To me, The Monster Squad is a movie that holds up 30 years after its release, if I’m not sure it holds up for audiences born after it debuted.

Here, a group of kids uncover a plot from Dracula to take over the world with the help of Frankenstein, The Wolf Man, the Mummy and the Gillman. And since parents just don’t understand, it’s up to the kids along with a “scary German guy” to stop the monsters from bringing darkness to the Earth. Essentially, The Monster Squad is the movie The Goonies by way of the Universal Monsters. So, if you like either The Goonies or the Universal Monsters there’s a chance you’ll like The Monster Squad too.
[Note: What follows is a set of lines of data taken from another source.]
definition moran_gen :: "nat \<Rightarrow> real \<Rightarrow> (('n::{finite,linorder} \<Rightarrow> nat) \<Rightarrow> real) \<Rightarrow> ('n::{finite,linorder} \<Rightarrow> nat) \<Rightarrow> real" where
  "moran_gen N \<theta> g k =
     (let d = real (CARD('n::{finite,linorder}) + 1); c = 2 * \<theta> / (d - 1); r = real N - real (\<Sum>j\<in>UNIV. k j) in
       1/2 * (\<Sum>(i,j)\<in>{(i,j). i < j}.
           real (k i) * (real (k j) + c) * (g (k(i := k i - 1, j := k j + 1)) - g k)
         + real (k j) * (real (k i) + c) * (g (k(i := k i + 1, j := k j - 1)) - g k))
     + 1/2 * (\<Sum>i\<in>UNIV.
           r * (real (k i) + c) * (g (k(i := k i + 1)) - g k)
         + real (k i) * (r + c) * (g (k(i := k i - 1)) - g k)))"

definition monomial :: "('n::{finite,linorder} \<Rightarrow> nat) \<Rightarrow> real ^ 'n::{finite,linorder} \<Rightarrow> real" where
  "monomial m x = (\<Prod>i\<in>UNIV. (x $ i) ^ m i)"

definition dual_fun :: "nat \<Rightarrow> real \<Rightarrow> real ^ 'n::{finite,linorder} \<Rightarrow> ('n::{finite,linorder} \<Rightarrow> nat) \<Rightarrow> real" where
  "dual_fun N \<theta> x k =
     (let d = real (CARD('n::{finite,linorder}) + 1); c = 2 * \<theta> / (d - 1);
          xd = 1 - (\<Sum>j\<in>UNIV. x $ j); kd = N - (\<Sum>j\<in>UNIV. k j) in
       (\<Prod>i\<in>UNIV. (x $ i) ^ k i / Gamma (c + real (k i))) * (xd ^ kd / Gamma (c + real kd)))"

text \<open>P is (the transition kernel family of) the Wright-Fisher diffusion:
  E_x f(X(t)) = integral of f w.r.t. P t x.\<close>
definition is_WF_diffusion :: "real \<Rightarrow> (real \<Rightarrow> real ^ 'n::{finite,linorder} \<Rightarrow> (real ^ 'n::{finite,linorder}) measure) \<Rightarrow> bool" where
  "is_WF_diffusion \<theta> P \<longleftrightarrow>
     (\<forall>x\<in>wf_simplex. \<forall>t\<ge>0. prob_space (P t x) \<and> sets (P t x) = sets borel
                        \<and> (AE y in P t x. y \<in> wf_simplex)) \<and>
     (\<forall>x\<in>wf_simplex. P 0 x = return borel x) \<and>
     (\<forall>x\<in>wf_simplex. \<forall>t\<ge>0. \<forall>m.
        ((\<lambda>s. \<integral>y. monomial m y \<partial>P s x) has_real_derivative
           (\<integral>y. wf_gen \<theta> (monomial m) y \<partial>P t x)) (at t within {0..}))"

text \<open>p is (the transition probability family of) the Moran model:
  hat E_k g(k(t)) = expectation of g w.r.t. p t k.\<close>
definition is_Moran_model :: "nat \<Rightarrow> real \<Rightarrow> (real \<Rightarrow> ('n::{finite,linorder} \<Rightarrow> nat) \<Rightarrow> ('n::{finite,linorder} \<Rightarrow> nat) pmf) \<Rightarrow> bool" where
  "is_Moran_model N \<theta> p \<longleftrightarrow>
     (\<forall>k\<in>moran_states N. \<forall>t\<ge>0. set_pmf (p t k) \<subseteq> moran_states N) \<and>
     (\<forall>k\<in>moran_states N. p 0 k = return_pmf k) \<and>
     (\<forall>k\<in>moran_states N. \<forall>t\<ge>0. \<forall>g.
        ((\<lambda>s. measure_pmf.expectation (p s k) g) has_real_derivative
           measure_pmf.expectation (p t k) (moran_gen N \<theta> g)) (at t within {0..}))"

end

(*
  Write D for the duality function. Away from the coordinate hyperplanes, dividing by D turns
  the Wright-Fisher generator applied to D(., k) at x and the Moran generator applied to D(x, .)
  at k into explicit rational functions of x and k, and these coincide; since both sides are
  polynomial in x, the generator identity holds everywhere on the simplex. Consequently
  u(s, l) = E_x D(X(s), l) solves the forward equation of the Moran model, the defining
  derivative condition of the diffusion extending from monomials to polynomials by linearity.
  Then s \<mapsto> \<Sum>_l P_k(k(t - s) = l) u(s, l) has zero derivative on (0, t), and its values
  at s = t and s = 0 are the two sides of the duality.
*)

theory Submission
  imports Defs
begin

section \<open>Monomials in the d coordinates\<close>

definition last_coord :: "real ^ 'n::finite \<Rightarrow> real" where
  "last_coord w = 1 - (\<Sum>j\<in>UNIV. w $ j)"

definition full_monomial :: "('n::{finite,linorder} \<Rightarrow> nat) \<Rightarrow> nat \<Rightarrow> real ^ 'n::{finite,linorder} \<Rightarrow> real" where
  "full_monomial a b w = monomial a w * last_coord w ^ b"

lemma axis_shift_nth: "(w + h *\<^sub>R axis j (1::real)) $ i = w $ i + (if i = j then h else 0)"
  by (simp add: axis_def)

lemma last_coord_axis_shift: "last_coord (w + h *\<^sub>R axis j (1::real)) = last_coord w - h"
proof -
  have "(\<Sum>i\<in>UNIV. (w + h *\<^sub>R axis j 1) $ i) = (\<Sum>i\<in>UNIV. w $ i + (if i = j then h else 0))"
    by (rule sum.cong) (auto simp: axis_def)
  also have "\<dots> = (\<Sum>i\<in>UNIV. w $ i) + h" by (simp add: sum.distrib)
  finally show ?thesis by (simp add: last_coord_def)
qed

lemma monomial_split:
  "monomial a w = (w $ j) ^ a j * (\<Prod>i\<in>UNIV-{j}. (w $ i) ^ a i)"
  unfolding monomial_def by (simp add: prod.remove)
Here’s the thing, though. The way the kids of The Monster Squad talk is 100% accurate to the way kids of the late 1980s talked, myself included. They say things that today is totally un-PC like calling each other “fggot” and “rtarded” as put-downs. Which makes watching the movie today is a bit jolting. But when the movie was released language like that wasn’t given a second thought.

That’s why I think new viewers today might have a tough time with The Monster Squad. I think it’s still a great film but I also think that since those terms were used in the movie it might at as minimum pull out new viewers out of the story or at worse make them actively dislike it. Which is a shame since I think The Monster Squad is a fun ride, warts and all.

The Reading & Watch List

Rumor Control

A few weeks back I started work on my yearly fall TV preview column. Some years in the past I’ve had not a lot to write about, or what I did write about were series that I was making fun of. This year has been quite a different experience. Between new and returning series I’m covering more than 20 shows. So far I’ve written what is the equivalent of four articles and will spend the next weeks going through this material a few more times tweaking things before it prints. This year’s preview will post on September 15 just in time for the new series to start premiering on network TV.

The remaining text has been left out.